An outbreak of salmonella in peanut products has further shaken confidence in the safety of the U.S. food supply. It has sickened nearly 700 people, has been linked to nine deaths and has forced the largest food recall in U.S. history.
President Barack Obama on March 14 chose Dr. Margaret Hamburg to run the FDA and also announced a Cabinet-level group that will provide advice on how to improve food safety.
‘THE FIRST PRIORITY’
“I believe the first priority should be to repair what is wrong at FDA,” Michael Taylor of George Washington University, who has worked in food safety posts at both the FDA and the U.S. Department of Agriculture, told reporters.
“The FDA has jurisdiction over 80 percent of the food supply, including virtually all imports. Recent nationwide outbreaks involving salmonella-tainted produce and peanuts expose really critical shortcomings at FDA and CDC with respect to both prevention and response to foodborne outbreaks,” added Taylor, who provided advice for the report.
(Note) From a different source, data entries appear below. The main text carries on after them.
lemma L2_eq_exp_l2_expanded:
  assumes "0 \<le> eps" "m \<le> M" "M < 1"
    and "p < 1 + (exp eps - (exp eps - 1) * M) / (exp eps - (exp eps - 1) * m)"
  shows "L2 eps m M p = exp (l2_expanded (exp eps) m M p)"
proof -
  define E where "E = exp eps"
  define q where "q = ((M + m) - p * M) / (2 - p)"
  have "1 \<le> E"
    using assms(1) by (simp add: E_def)
  note bounds = L2_factors_bounds[OF this assms(2,3) assms(4)[folded E_def]]
  then have "2 - p \<noteq> 0" and "1 - M \<noteq> 0"
    using assms(3) by auto
  have factor: "E - (E - 1) * (p * M + (1 - p) * q)
      = ((E - (E - 1) * M) + (E - (E - 1) * m) * (1 - p)) / (2 - p)"
    using \<open>2 - p \<noteq> 0\<close> by (simp add: q_def field_simps)
  define K where "K = (M - m) / ((1 - M) * (2 - p))"
  have "1 - q = (1 - M) + (M - m) / (2 - p)"
    using \<open>2 - p \<noteq> 0\<close> by (simp add: q_def field_simps)
  then have "(1 - q) / (1 - M) = 1 + K"
    unfolding K_def using \<open>1 - M \<noteq> 0\<close>
    by (simp only: add_divide_distrib divide_divide_eq_left mult.commute divide_self_if if_False)
  moreover have "(M - m) / (1 - M) = (2 - p) * K"
    using \<open>2 - p \<noteq> 0\<close> by (simp add: K_def)
  ultimately have exponent: "p * (M / m) + (1 - p) * ((1 - q) / (1 - M)) - 1
      = p * (M / m) + (1 - p) + (M - m) / (1 - M) - (M - m) / ((1 - M) * (2 - p)) - 1"
    unfolding K_def[symmetric] by (simp add: algebra_simps)
  show ?thesis
    unfolding L2_def Let_def q_def[symmetric] E_def[symmetric] factor exponent l2_expanded_def
    using bounds by (simp add: exp_add exp_diff)
qed

lemma l2_cubic_numerator:
  fixes eps m M p :: real
  assumes "m \<noteq> 0" "M \<noteq> 1"
  defines "E \<equiv> exp eps"
  defines "A \<equiv> (E - (E - 1) * M) + (E - (E - 1) * m) * (1 - p)"
  shows "m * (1 - M) * ((M - m) * cubic (a2 eps m M) (b2 eps m M) (c2 eps m M) (d2 eps m M) p)
    = m * (1 - M) * ((E - (E - 1) * m) * (2 - p)^2 - A * (2 - p)) + m * (M - m) * A
      - (1 - M) * (M - m) * A * (2 - p)^2"
proof -
  have "1 - M \<noteq> 0"
    using assms(2) by simp
  have a: "m * (1 - M) * a2 eps m M = (1 - M) * (E - (E - 1) * m)"
    using assms(1) by (simp add: a2_def E_def)
  have b: "m * (1 - M) * b2 eps m M = - (1 - M) * (6 * E - (E - 1) * (M + 5 * m))"
    using assms(1) by (simp add: b2_def E_def) algebra
  have c: "m * (1 - M) * c2 eps m M
      = m * ((E - 1) * (m + 9 * M - 9) - E) + 4 * M * ((E - 1) * M - 4 * E + 1) + 12 * E"
    using assms(1) \<open>1 - M \<noteq> 0\<close> by (simp add: c2_def E_def)
  have d: "m * (1 - M) * d2 eps m M
      = - (2 * E - (E - 1) * (M + m)) * (4 - 4 * M - m) + 2 * (E - 1) * m * (1 - M)"
    using assms(1) \<open>1 - M \<noteq> 0\<close> by (simp add: d2_def E_def field_simps)
  have "m * (1 - M) * ((M - m) * cubic (a2 eps m M) (b2 eps m M) (c2 eps m M) (d2 eps m M) p)
    = (M - m) * ((m * (1 - M) * a2 eps m M) * p^3 + (m * (1 - M) * b2 eps m M) * p^2
        + (m * (1 - M) * c2 eps m M) * p + m * (1 - M) * d2 eps m M)"
    by (simp add: cubic_def algebra_simps)
  then show ?thesis
    unfolding a b c d A_def by algebra
qed

lemma l2_expanded_deriv_eq_cubic:
  fixes eps m M p :: real
  assumes "m \<noteq> 0" "M \<noteq> 1"
  defines "E \<equiv> exp eps"
  defines "A \<equiv> (E - (E - 1) * M) + (E - (E - 1) * m) * (1 - p)"
  assumes "A \<noteq> 0" and "2 - p \<noteq> 0"
  shows "m * (1 - M) * A * (2 - p)^2 * l2_expanded_deriv E m M p
    = - (m * (1 - M) * ((M - m) * cubic (a2 eps m M) (b2 eps m M) (c2 eps m M) (d2 eps m M) p))"
proof -
  have "1 - M \<noteq> 0"
    using assms(2) by simp
  have clear: "m * N * A * B^2 * (- (\<beta> / A) + 1 / B + M / m - 1 - K / (N * B^2))
      = - (m * N * (\<beta> * B^2 - A * B) + m * K * A - N * (M - m) * A * B^2)"
    if "m \<noteq> 0" "N \<noteq> 0" "A \<noteq> 0" "B \<noteq> 0" for m N A B \<beta> K M :: real
    using that by (simp add: field_simps power2_eq_square)
  show ?thesis
    unfolding l2_cubic_numerator[OF assms(1,2)] l2_expanded_deriv_def E_def[symmetric] A_def[symmetric]
    by (rule clear[OF assms(1) \<open>1 - M \<noteq> 0\<close> assms(5,6)])
qed

lemma L2_attains_max_at_critical_point:
  assumes "0 \<le> eps" "m \<le> M" "M < 1"
    and "V < 1 + (exp eps - (exp eps - 1) * M) / (exp eps - (exp eps - 1) * m)"
    and "l2_expanded_deriv (exp eps) m M V = 0"
  shows "attains_max_at (L2 eps m M) {0..1} (clamp01 V)"
    and "attains_max_at (l2 eps m M) {0..1} (clamp01 V)"
proof -
  define P where "P = 1 + (exp eps - (exp eps - 1) * M) / (exp eps - (exp eps - 1) * m)"
  have "1 \<le> exp eps"
    using assms(1) by simp
  note coeffs = L2_coefficients_bounds[OF this assms(2,3)]
  have "1 < P"
    using coeffs by (simp add: P_def)
  have max: "attains_max_at (l2_expanded (exp eps) m M) {0..1} (clamp01 V)"
    using \<open>1 < P\<close> l2_expanded_has_deriv[OF \<open>1 \<le> exp eps\<close> assms(2,3)]
      l2_expanded_deriv_antitone[OF \<open>1 \<le> exp eps\<close> assms(2,3)] assms(4,5)
    unfolding P_def by (rule attains_max_at_clamp01_if_antitone_deriv)
  have exp_eq: "L2 eps m M x = exp (l2_expanded (exp eps) m M x)" if "x \<in> {0..1}" for x
    using that \<open>1 < P\<close> by (intro L2_eq_exp_l2_expanded assms(1-3)) (auto simp: P_def)
  show "attains_max_at (L2 eps m M) {0..1} (clamp01 V)"
    by (rule attains_max_at_exp_ln(1)[OF max exp_eq])
  have "l2 eps m M = (\<lambda>x. ln (L2 eps m M x))"
    by (simp add: fun_eq_iff l2_def)
  then show "attains_max_at (l2 eps m M) {0..1} (clamp01 V)"
    using attains_max_at_exp_ln(2)[OF max exp_eq] by simp
qed

lemma V2_eq_cubic_root:
  assumes "(2 * b2 eps m M ^ 3 - 9 * a2 eps m M * b2 eps m M * c2 eps m M
      + 27 * a2 eps m M ^ 2 * d2 eps m M)^2
    - 4 * (b2 eps m M ^ 2 - 3 * a2 eps m M * c2 eps m M)^3 \<le> 0"
  shows "V2 eps m M = cubic_root (a2 eps m M) (b2 eps m M) (c2 eps m M) (d2 eps m M)"
  using assms unfolding V2_def D20_def D21_def R2_def cubic_root_def depressed_cubic_root_def
  by simp

lemma l2_cubic_sign_change:
  fixes eps m M :: real
  assumes "0 < eps" "0 < m" "m < M" "M < 1"
  defines "P \<equiv> 1 + (exp eps - (exp eps - 1) * M) / (exp eps - (exp eps - 1) * m)"
  shows "P < 2" and "0 < cubic (a2 eps m M) (b2 eps m M) (c2 eps m M) (d2 eps m M) P"
    and "cubic (a2 eps m M) (b2 eps m M) (c2 eps m M) (d2 eps m M) 2 < 0"
proof -
  let ?cubic = "cubic (a2 eps m M) (b2 eps m M) (c2 eps m M) (d2 eps m M)"
  define \<alpha> where "\<alpha> = exp eps - (exp eps - 1) * M"
  define \<beta> where "\<beta> = exp eps - (exp eps - 1) * m"
  have "0 < \<alpha>"
    using L2_coefficients_bounds(1)[of "exp eps" m M] assms(1-4) by (simp add: \<alpha>_def)
  moreover have "\<alpha> < \<beta>"
    using assms(1,3) by (simp add: \<alpha>_def \<beta>_def)
  moreover have "P = 1 + \<alpha> / \<beta>"
    by (simp add: P_def \<alpha>_def \<beta>_def)
  ultimately have "0 < \<beta>" and "0 < 2 - P" and "\<alpha> + \<beta> * (1 - P) = 0"
    by (simp_all add: algebra_simps)
  then show "P < 2"
    by simp
  have "m \<noteq> 0" "M \<noteq> 1"
    using assms by simp_all
  note numerator = l2_cubic_numerator[OF this, of eps, folded \<alpha>_def \<beta>_def]
  have "m * (1 - M) * ((M - m) * ?cubic P) = m * (1 - M) * (\<beta> * (2 - P)^2)"
    using numerator[of P] \<open>\<alpha> + \<beta> * (1 - P) = 0\<close> by simp
  then have "(M - m) * ?cubic P = \<beta> * (2 - P)^2"
    using \<open>m \<noteq> 0\<close> \<open>M \<noteq> 1\<close> by simp
  then have "0 < (M - m) * ?cubic P"
    using \<open>0 < \<beta>\<close> \<open>0 < 2 - P\<close> by simp
  then show "0 < ?cubic P"
    using assms(3) by (simp add: zero_less_mult_iff)
  have "m * (M - m) * ((1 - M) * ?cubic 2) = m * (M - m) * (\<alpha> - \<beta>)"
    using numerator[of 2] by (simp add: algebra_simps)
  then have "(1 - M) * ?cubic 2 < 0"
    using \<open>\<alpha> < \<beta>\<close> assms(2,3) by simp
  then show "?cubic 2 < 0"
    using assms(4) by (simp add: mult_less_0_iff)
qed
Taylor said the FDA has three critical weaknesses: obsolete statutes that focus on reacting to problems instead of preventing them; inadequate resources that have resulted in “serious gaps in standard-setting and a weak enforcement program”; and a fragmented structure that impedes management.
While ultimately the FDA commissioner has the power to guide food safety, he said the focus at FDA traditionally has been on medications. “There is no FDA official whose full-time job is food safety,” Taylor said.
Michelle Larkin of the Robert Wood Johnson Foundation said about one in four Americans, or 76 million people, get sick from foodborne illnesses each year, more than 300,000 are hospitalized and 500,000 die.
“It costs us around $44 billion annually in medical care and lost productivity, so the stakes are really high,” Larkin said.